Supplied data:

lemma graph_edgeE:
  assumes "graph V E" "e \<in> E"
  obtains u v where "e = {u, v}" "u \<noteq> v" "u \<in> V" "v \<in> V"
  using assms unfolding graph_def by blast

lemma graph_edge_subset: "graph V E \<Longrightarrow> e \<in> E \<Longrightarrow> e \<subseteq> V"
  by (auto elim: graph_edgeE)

lemma complete_alpha_labeling_iff:
  assumes "graph V E"
  shows "complete_alpha_labeling V E f k \<longleftrightarrow>
    bij_betw f V {0..card E} \<and> inj_on (edge_label f) E \<and>
    (\<forall>e\<in>E. Min (f ` e) \<le> k \<and> k < Max (f ` e))"
proof -
  have edge: "\<exists>u v. e = {u, v}" if "e \<in> E" for e
    using assms that by (metis graph_edgeE)
  have distinct: "(\<forall>u v u' v'. {u, v} \<in> E \<longrightarrow> {u', v'} \<in> E \<longrightarrow>
        \<bar>int (f u) - int (f v)\<bar> = \<bar>int (f u') - int (f v')\<bar> \<longrightarrow> {u, v} = {u', v'})
      \<longleftrightarrow> inj_on (edge_label f) E"
    unfolding inj_on_def using edge by (metis edge_label_doubleton)
  have cut: "(\<forall>u v. {u, v} \<in> E \<longrightarrow> (f u \<le> k \<and> k < f v) \<or> (f v \<le> k \<and> k < f u))
      \<longleftrightarrow> (\<forall>e\<in>E. Min (f ` e) \<le> k \<and> k < Max (f ` e))"
    using edge by (fastforce simp: min_def max_def split: if_splits)
  show ?thesis
    unfolding complete_alpha_labeling_def alpha_labeling_def distinct cut
    by (auto simp: bij_betw_def)
qed

lemma graph_image:
  assumes "graph L EL" "inj_on \<phi> L"
  shows "graph (\<phi> ` L) ((`) \<phi> ` EL)"
  using assms unfolding graph_def inj_on_def by fastforce

lemma complete_alpha_labeling_image:
  assumes lab: "complete_alpha_labeling L EL f k" and G: "graph L EL" and \<phi>: "bij_betw \<phi> L V"
  shows "complete_alpha_labeling V ((`) \<phi> ` EL) (f \<circ> inv_into L \<phi>) k"
proof -
  let ?g = "f \<circ> inv_into L \<phi>"
  have inj\<phi>: "inj_on \<phi> L" and V: "V = \<phi> ` L" using \<phi> by (auto simp: bij_betw_def)
  have G': "graph V ((`) \<phi> ` EL)" using graph_image[OF G inj\<phi>] V by simp
  have "inj_on ((`) \<phi>) EL"
    using inj_on_image_Pow[OF inj\<phi>] graph_edge_subset[OF G] by (blast intro: inj_on_subset)
  then have card: "card ((`) \<phi> ` EL) = card EL" by (rule card_image)
  have img: "?g ` (\<phi> ` e) = f ` e" if "e \<in> EL" for e
    using graph_edge_subset[OF G that] inj\<phi> by (force simp: image_comp)
  from lab G have bij: "bij_betw f L {0..card EL}" and inj: "inj_on (edge_label f) EL"
    and cut: "\<forall>e\<in>EL. Min (f ` e) \<le> k \<and> k < Max (f ` e)"
    by (simp_all add: complete_alpha_labeling_iff)
  have "bij_betw ?g V {0..card ((`) \<phi> ` EL)}"
    unfolding card using bij_betw_trans[OF bij_betw_inv_into[OF \<phi>] bij] by simp
  moreover have "inj_on (edge_label ?g) ((`) \<phi> ` EL)"
    by (rule inj_on_imageI) (use inj img in \<open>auto simp: inj_on_def edge_label_def\<close>)
  moreover have "\<forall>e\<in>(`) \<phi> ` EL. Min (?g ` e) \<le> k \<and> k < Max (?g ` e)"
    using cut img by auto
  ultimately show ?thesis by (simp add: complete_alpha_labeling_iff[OF G'])
qed

lemma cut_edgeE:
  assumes "graph V E" "e \<in> E" "Min (f ` e) \<le> k \<and> k < Max (f ` e)"
  obtains u v where "e = {u, v}" "u \<in> V" "v \<in> V" "f u \<le> k" "k < f v"
proof -
  obtain u v where e: "e = {u, v}" "u \<in> V" "v \<in> V" using assms(1,2) by (rule graph_edgeE)
  have mm: "min (f u) (f v) \<le> k" "k < max (f u) (f v)" using assms(3) e(1) by simp_all
  show thesis
  proof (cases "f u \<le> f v")
    case True
    then show ?thesis using mm by (intro that[OF e]) (simp_all add: min_def max_def)
  next
    case False
    then show ?thesis using mm e by (intro that[of v u]) (simp_all add: insert_commute min_def max_def)
  qed
qed

lemma graph_join:
  assumes "graph V1 E1" "graph V2 E2" "a \<in> V1" "b \<in> V2" "a \<noteq> b"
  shows "graph (V1 \<union> V2) (E1 \<union> E2 \<union> {{a, b}})"
proof -
  have "\<exists>u v. e = {u, v} \<and> u \<noteq> v \<and> u \<in> V1 \<union> V2 \<and> v \<in> V1 \<union> V2"
    if "e \<in> E1 \<union> E2 \<union> {{a, b}}" for e
    using that
  proof (elim UnE)
    assume "e \<in> E1" then show ?thesis by (rule graph_edgeE[OF assms(1)]) blast
  next
    assume "e \<in> E2" then show ?thesis by (rule graph_edgeE[OF assms(2)]) blast
  qed (use assms in auto)
  then show ?thesis using assms(1,2) by (simp add: graph_def)
qed
(* For every real $\nu>1$, the quantity $c_0(\nu):=2\left(\frac{\Gamma(\nu)}{\sqrt{\pi}}\right)^{\frac{2}{2\nu-1}}$ satisfies $$\frac{2\nu}{e}\left(\frac{2}{e}\right)^{\frac{1}{2\nu-1}}\;<\;c_0(\nu)\;<\;\frac{2\nu}{e}.$$
   Context: $\Gamma$ denotes the Euler Gamma function. *)

theory Defs
  imports "HOL-Analysis.Analysis"
begin

end

theory Submission
  imports Defs "HOL-Real_Asymp.Real_Asymp"
begin

(* Write ln Gamma x = (x - 1/2) ln x - x + ln (2 pi) / 2 + mu x with Binet's function mu.
   Then c0 nu = (2 nu / e) exp ((2 mu nu + ln 2 - 1) / (2 nu - 1)), so the two inequalities
   amount to 0 < mu nu < (1 - ln 2) / 2, which follows from the classical bounds
   0 < mu x <= 1 / (12 x).  The series of ln ((1 + t) / (1 - t)) at t = 1 / (2 x + 1) gives
   0 < mu x - mu (x + 1) <= 1 / (12 x) - 1 / (12 (x + 1)); telescoping, the bounds follow once
   mu (x + n) --> 0.  Gauss's product for Gamma shows that mu (x + n) has a limit independent
   of x, and Legendre's duplication formula forces this limit to be 0. *)

lemma ln_one_plus_inverse_bounds:
  fixes x :: real
  assumes "x > 0"
  shows "1 < (x + 1/2) * ln (1 + 1/x)"
    and "(x + 1/2) * ln (1 + 1/x) \<le> 1 + (1 / (12 * x) - 1 / (12 * (x + 1)))"
proof -
  define y where "y = 1 / (2 * x + 1)"
  have xy: "(2 * x + 1) * y = 1" and y: "y > 0"
    using assms by (auto simp: y_def)
  have x1: "1 + 1/x > 1"
    using assms by simp
  have y_eq: "(1 + 1/x - 1) / (1 + 1/x + 1) = y"
    using assms by (simp add: y_def field_simps)
  (* With 1 + 1/x = (1 + y) / (1 - y), ln_approx_bounds brackets ln (1 + 1/x) by partial sums of
     2 (y + y^3/3 + ...); the lower bound keeps two terms so that it is strict. *)
  have lower: "2 * y + 2 * y^3 / 3 \<le> ln (1 + 1/x)"
    using ln_approx_bounds[OF x1, of 2] unfolding y_eq by (simp add: eval_nat_numeral)
  have upper: "ln (1 + 1/x) \<le> 2 * y + 2 * (y^3 / (1 - y^2) / 3)"
    using ln_approx_bounds[OF x1, of 1] unfolding y_eq by simp
  have "4 * x * (x + 1) * y^2 + y^2 = ((2 * x + 1) * y)^2"
    by (simp add: algebra_simps power2_eq_square)
  hence "1 - y^2 = 4 * x * (x + 1) * y^2"
    using xy by simp
  hence "(x + 1/2) * (2 * (y^3 / (1 - y^2) / 3)) = (2 * x + 1) * y / (12 * x * (x + 1))"
    using y assms by (simp add: divide_simps) (simp add: algebra_simps power2_eq_square power3_eq_cube)
  also have "\<dots> = 1 / (12 * x) - 1 / (12 * (x + 1))"
    using xy assms by (simp add: field_simps)
  finally have remainder: "(x + 1/2) * (2 * (y^3 / (1 - y^2) / 3)) = 1 / (12 * x) - 1 / (12 * (x + 1))" .
  have main: "(x + 1/2) * (2 * y) = 1"
    using xy by (simp add: algebra_simps)
  have x_half: "x + 1/2 > 0"
    using assms by simp
  have "1 < (x + 1/2) * (2 * y + 2 * y^3 / 3)"
    using main x_half y by (simp add: distrib_left)
  also have "\<dots> \<le> (x + 1/2) * ln (1 + 1/x)"
    using x_half by (intro mult_left_mono[OF lower]) simp
  finally show "1 < (x + 1/2) * ln (1 + 1/x)" .
  have "(x + 1/2) * ln (1 + 1/x) \<le> (x + 1/2) * (2 * y + 2 * (y^3 / (1 - y^2) / 3))"
    using x_half by (intro mult_left_mono[OF upper]) simp
  also have "\<dots> = 1 + (1 / (12 * x) - 1 / (12 * (x + 1)))"
    unfolding distrib_left main remainder ..
  finally show "(x + 1/2) * ln (1 + 1/x) \<le> 1 + (1 / (12 * x) - 1 / (12 * (x + 1)))" .
qed

definition binet :: "real \<Rightarrow> real" where
  "binet x = ln (Gamma x) - ((x - 1/2) * ln x - x + ln (2 * pi) / 2)"

lemma binet_diff:
  fixes x :: real
  assumes "x > 0"
  shows "binet x - binet (x + 1) = (x + 1/2) * ln (1 + 1/x) - 1"
proof -
  have "Gamma (x + 1) = x * Gamma x"
    using assms by (intro Gamma_plus1) auto
  hence Gamma_step: "ln (Gamma (x + 1)) = ln x + ln (Gamma x)"
    using assms by (simp add: ln_mult_pos)
  have "ln (x * (1 + 1/x)) = ln x + ln (1 + 1/x)"
    using assms by (intro ln_mult_pos) (simp_all add: add_pos_pos)
  moreover have "x * (1 + 1/x) = x + 1"
    using assms by (simp add: field_simps)
  ultimately have ln_step: "ln (x + 1) = ln x + ln (1 + 1/x)"
    by simp
  show ?thesis
    unfolding binet_def Gamma_step ln_step by (simp add: algebra_simps)
qed

lemma binet_diff_bounds:
  fixes x :: real
  assumes "x > 0"
  shows "0 < binet x - binet (x + 1)"
    and "binet x - binet (x + 1) \<le> 1 / (12 * x) - 1 / (12 * (x + 1))"
  using ln_one_plus_inverse_bounds[OF assms] binet_diff[OF assms] by simp_all

lemma binet_diff_le:
  fixes x :: real
  assumes "x > 0"
  shows "0 \<le> binet x - binet (x + real n)"
    and "binet x - binet (x + real n) \<le> 1 / (12 * x) - 1 / (12 * (x + real n))"
proof (induction n)
  case (Suc n)
  have pos: "x + real n > 0" using assms by simp
  have shift: "x + real (Suc n) = (x + real n) + 1" by simp
  show "0 \<le> binet x - binet (x + real (Suc n))"
    and "binet x - binet (x + real (Suc n)) \<le> 1 / (12 * x) - 1 / (12 * (x + real (Suc n)))"
    unfolding shift using binet_diff_bounds[OF pos] Suc.IH by linarith+
qed simp_all

lemma ln_Gamma_shift_LIMSEQ:
  fixes x :: real
  assumes "x > 0"
  shows "(\<lambda>n. ln (Gamma (x + 1 + real n)) - ln (fact n) - x * ln (real n)) \<longlonglongrightarrow> 0"
proof -
  have "x \<notin> \<int>\<^sub>\<le>\<^sub>0" and Gamma_pos: "Gamma x > 0"
    using assms by auto
  have "(\<lambda>n. ln (Gamma x) - ln (Gamma_series x n)) \<longlonglongrightarrow> ln (Gamma x) - ln (Gamma x)"
    using Gamma_pos by (intro tendsto_intros Gamma_series_LIMSEQ) auto
  moreover have "eventually (\<lambda>n. ln (Gamma x) - ln (Gamma_series x n) =
      ln (Gamma (x + 1 + real n)) - ln (fact n) - x * ln (real n)) sequentially"
    using eventually_gt_at_top[of "0::nat"]
  proof eventually_elim
    case (elim n)
    have "pochhammer x (n + 1) = Gamma (x + 1 + real n) / Gamma x"
      using pochhammer_Gamma[OF \<open>x \<notin> \<int>\<^sub>\<le>\<^sub>0\<close>, of "n + 1"] by (simp add: add_ac)
    hence "Gamma_series x n = exp (ln (fact n) + x * ln (real n) + ln (Gamma x) - ln (Gamma (x + 1 + real n)))"
      using assms Gamma_pos by (simp add: Gamma_series_def exp_add exp_diff)
    thus ?case by simp
  qed
  ultimately show ?thesis
    by (simp add: tendsto_cong)
qed

lemma binet_shift_LIMSEQ:
  fixes x :: real
  assumes "x > 0"
  shows "(\<lambda>n. binet (x + 1 + real n) - binet (1 + real n)) \<longlonglongrightarrow> 0"
proof -
  have elementary: "(\<lambda>n. x * ln (real n) - (x + real n + 1/2) * ln (x + 1 + real n)
      + (real n + 1/2) * ln (1 + real n) + x) \<longlonglongrightarrow> 0"
    using assms by real_asymp
  have "binet (x + 1 + real n) - binet (1 + real n) =
      (ln (Gamma (x + 1 + real n)) - ln (fact n) - x * ln (real n)) +
      (x * ln (real n) - (x + real n + 1/2) * ln (x + 1 + real n)
      + (real n + 1/2) * ln (1 + real n) + x)" for n
    using Gamma_fact[of n, where 'a = real] by (simp add: binet_def algebra_simps)
  thus ?thesis
    using tendsto_add[OF ln_Gamma_shift_LIMSEQ[OF assms] elementary] by simp
qed

lemma binet_convergent:
  obtains L where "\<And>x. x > 0 \<Longrightarrow> (\<lambda>n. binet (x + real n)) \<longlonglongrightarrow> L"
proof -
  define X where "X n = binet (1 + real n)" for n
  have "decseq X"
  proof (rule decseq_SucI)
    show "X (Suc n) \<le> X n" for n
      using binet_diff_le(1)[of "1 + real n" 1] by (simp add: X_def add_ac)
  qed
  moreover have "binet 1 - 1/12 \<le> X n" for n
  proof -
    have "0 \<le> 1 / (12 * (1 + real n))" by simp
    thus ?thesis using binet_diff_le(2)[of 1 n] unfolding X_def by linarith
  qed
  ultimately obtain L where X: "X \<longlonglongrightarrow> L"
    using decseq_convergent by blast
  have "(\<lambda>n. binet (x + real n)) \<longlonglongrightarrow> L" if "x > 0" for x
  proof -
    have "(\<lambda>n. (binet (x + 1 + real n) - binet (1 + real n)) + X n) \<longlonglongrightarrow> 0 + L"
      by (intro tendsto_add binet_shift_LIMSEQ that X)
    hence "(\<lambda>n. binet (x + real (Suc n))) \<longlonglongrightarrow> L"
      by (simp add: X_def add_ac)
    thus ?thesis by (rule LIMSEQ_imp_Suc)
  qed
  with that show ?thesis by blast
qed

lemma Gamma_legendre_duplication_real:
  fixes x :: real
  assumes "x > 0"
  shows "Gamma x * Gamma (x + 1/2) = exp ((1 - 2 * x) * ln 2) * sqrt pi * Gamma (2 * x)"
proof -
  have "x \<notin> \<int>\<^sub>\<le>\<^sub>0" "x + 1/2 \<notin> \<int>\<^sub>\<le>\<^sub>0"
    using assms by auto
  hence "complex_of_real x \<notin> \<int>\<^sub>\<le>\<^sub>0" "complex_of_real (x + 1/2) \<notin> \<int>\<^sub>\<le>\<^sub>0"
    by (simp_all only: of_real_in_nonpos_Ints_iff not_False_eq_True)
  hence "complex_of_real x \<notin> \<int>\<^sub>\<le>\<^sub>0" "complex_of_real x + 1/2 \<notin> \<int>\<^sub>\<le>\<^sub>0"
    by simp_all
  from Gamma_legendre_duplication[OF this]
  have "complex_of_real (Gamma x * Gamma (x + 1/2)) =
        complex_of_real (exp ((1 - 2 * x) * ln 2) * sqrt pi * Gamma (2 * x))"
    by (simp add: Gamma_complex_of_real[symmetric] exp_of_real[symmetric])
  thus ?thesis by (simp only: of_real_eq_iff)
qed

lemma binet_duplication:
  fixes x :: real
  assumes "x > 0"
  shows "binet x + binet (x + 1/2) - binet (2 * x) = 1/2 - x * ln (1 + 1 / (2 * x))"
proof -
  have "ln (Gamma x) + ln (Gamma (x + 1/2)) = ln (exp ((1 - 2 * x) * ln 2) * sqrt pi * Gamma (2 * x))"
    using assms by (simp add: ln_mult_pos flip: Gamma_legendre_duplication_real)
  also have "\<dots> = (1 - 2 * x) * ln 2 + ln pi / 2 + ln (Gamma (2 * x))"
    using assms by (simp add: ln_mult_pos ln_sqrt)
  finally have G: "ln (Gamma (2 * x)) = ln (Gamma x) + ln (Gamma (x + 1/2)) - (1 - 2 * x) * ln 2 - ln pi / 2"
    by simp
  have "x + 1/2 = x * (1 + 1 / (2 * x))"
    using assms by (simp add: field_simps)
  moreover have "ln (x * (1 + 1 / (2 * x))) = ln x + ln (1 + 1 / (2 * x))"
    using assms by (intro ln_mult_pos) (simp_all add: add_pos_pos)
  ultimately have "ln (x + 1/2) = ln x + ln (1 + 1 / (2 * x))"
    by simp
  moreover have "ln (2 * x) = ln 2 + ln x" "ln (2 * pi) = ln 2 + ln pi"
    using assms by (simp_all add: ln_mult_pos)
  ultimately show ?thesis
    unfolding binet_def G by (simp add: algebra_simps diff_divide_distrib)
qed

lemma binet_duplication_LIMSEQ:
  "(\<lambda>n. binet (real n + 1) + binet (real n + 1 + 1/2) - binet (2 * (real n + 1))) \<longlonglongrightarrow> 0"
proof -
  have "binet (real n + 1) + binet (real n + 1 + 1/2) - binet (2 * (real n + 1)) =
        1/2 - (real n + 1) * ln (1 + 1 / (2 * (real n + 1)))" for n
    by (rule binet_duplication) simp
  thus ?thesis by (simp only:) real_asymp
qed

lemma binet_LIMSEQ:
  fixes x :: real
  assumes "x > 0"
  shows "(\<lambda>n. binet (x + real n)) \<longlonglongrightarrow> 0"
proof -
  obtain L where L: "\<And>x. x > 0 \<Longrightarrow> (\<lambda>n. binet (x + real n)) \<longlonglongrightarrow> L"
    using binet_convergent by blast
  have "(\<lambda>n. binet (1 + real n)) \<longlonglongrightarrow> L" "(\<lambda>n. binet (3/2 + real n)) \<longlonglongrightarrow> L"
    by (simp_all add: L)
  moreover have "(\<lambda>n. binet (1 + real (2 * n + 1))) \<longlonglongrightarrow> L"
    using filterlim_compose[OF L[of 1], of "\<lambda>n. 2 * n + 1"]
    by (simp add: filterlim_subseq strict_mono_Suc_iff)
  ultimately have "(\<lambda>n. binet (real n + 1) + binet (real n + 1 + 1/2) - binet (2 * (real n + 1)))
      \<longlonglongrightarrow> L + L - L"
    by (intro tendsto_intros) (simp_all add: algebra_simps)
  with binet_duplication_LIMSEQ have "L + L - L = 0"
    using LIMSEQ_unique by blast
  with L[OF assms] show ?thesis by simp
qed

lemma binet_bounds:
  fixes x :: real
  assumes "x > 0"
  shows "0 < binet x" and "binet x \<le> 1 / (12 * x)"
proof -
  have lim: "(\<lambda>n. binet x - binet (x + real n)) \<longlonglongrightarrow> binet x"
    using tendsto_diff[OF tendsto_const binet_LIMSEQ[OF assms]] by simp
  have "binet x - binet (x + 1) \<le> binet x - binet (x + real n)" if "n \<ge> 1" for n
    using binet_diff_le(1)[of "x + 1" "n - 1"] assms that by simp
  hence "binet x - binet (x + 1) \<le> binet x"
    by (intro LIMSEQ_le_const[OF lim]) blast
  thus "0 < binet x"
    using binet_diff_bounds(1)[OF assms] by linarith
  have "binet x - binet (x + real n) \<le> 1 / (12 * x)" for n
  proof -
    have "0 \<le> 1 / (12 * (x + real n))" using assms by simp
    thus ?thesis using binet_diff_le(2)[OF assms, of n] by linarith
  qed
  thus "binet x \<le> 1 / (12 * x)"
    by (intro LIMSEQ_le_const2[OF lim]) blast
qed

lemma Gamma_over_sqrt_pi_powr_eq:
  fixes \<nu> :: real
  assumes "\<nu> > 1/2"
  shows "(Gamma \<nu> / sqrt pi) powr (2 / (2 * \<nu> - 1)) =
         \<nu> / exp 1 * exp ((2 * binet \<nu> + ln 2 - 1) / (2 * \<nu> - 1))"
proof -
  define s where "s = 2 * \<nu> - 1"
  have s: "s > 0" and \<nu>: "\<nu> = (s + 1) / 2"
    using assms by (simp_all add: s_def)
  have Gamma_pos: "Gamma \<nu> > 0"
    using assms by simp
  hence "ln (Gamma \<nu> / sqrt pi) = ln (Gamma \<nu>) - ln pi / 2"
    by (simp add: ln_div ln_sqrt)
  also have "\<dots> = binet \<nu> + (\<nu> - 1/2) * ln \<nu> - \<nu> + ln 2 / 2"
    by (simp add: binet_def ln_mult_pos algebra_simps)
  finally have "2 / s * ln (Gamma \<nu> / sqrt pi) = ln \<nu> - 1 + (2 * binet \<nu> + ln 2 - 1) / s"
    using s unfolding \<nu> by (simp add: field_simps)
  thus ?thesis
    using Gamma_pos[THEN order.strict_implies_not_eq] assms unfolding s_def[symmetric]
    by (simp add: powr_def exp_add exp_diff)
qed

theorem mainTheorem8:
  fixes \<nu> :: real
  assumes "\<nu> > 1"
  shows "2 * \<nu> / exp 1 * (2 / exp 1) powr (1 / (2 * \<nu> - 1))
           < 2 * (Gamma \<nu> / sqrt pi) powr (2 / (2 * \<nu> - 1))
       \<and> 2 * (Gamma \<nu> / sqrt pi) powr (2 / (2 * \<nu> - 1)) < 2 * \<nu> / exp 1"
proof -
  define s where "s = 2 * \<nu> - 1"
  define E where "E = (2 * binet \<nu> + ln 2 - 1) / s"
  have s: "s > 0" and \<nu>: "\<nu> > 0"
    using assms by (simp_all add: s_def)
  have "1 / (12 * \<nu>) < 1/12"
    using assms by (simp add: field_simps)
  hence "0 < binet \<nu>" "binet \<nu> < 1/12"
    using binet_bounds[OF \<nu>] by linarith+
  with ln2_le_25_over_36 s have "(ln 2 - 1) / s < E" "E < 0"
    unfolding E_def by (simp_all add: divide_strict_right_mono divide_neg_pos)
  moreover have "(2 / exp 1) powr (1 / s) = exp ((ln 2 - 1) / s)"
    by (simp add: powr_def ln_div)
  moreover have "2 * (Gamma \<nu> / sqrt pi) powr (2 / s) = 2 * \<nu> / exp 1 * exp E"
    using Gamma_over_sqrt_pi_powr_eq[of \<nu>] assms by (simp add: s_def E_def)
  ultimately show ?thesis
    using \<nu> unfolding s_def[symmetric] by (simp add: divide_strict_right_mono)
qed

end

Your task: Where does the string "fastforce" occur in the listing above? Return every line that contains it.

Answer below:
    using edge by (fastforce simp: min_def max_def split: if_splits)
  using assms unfolding graph_def inj_on_def by fastforce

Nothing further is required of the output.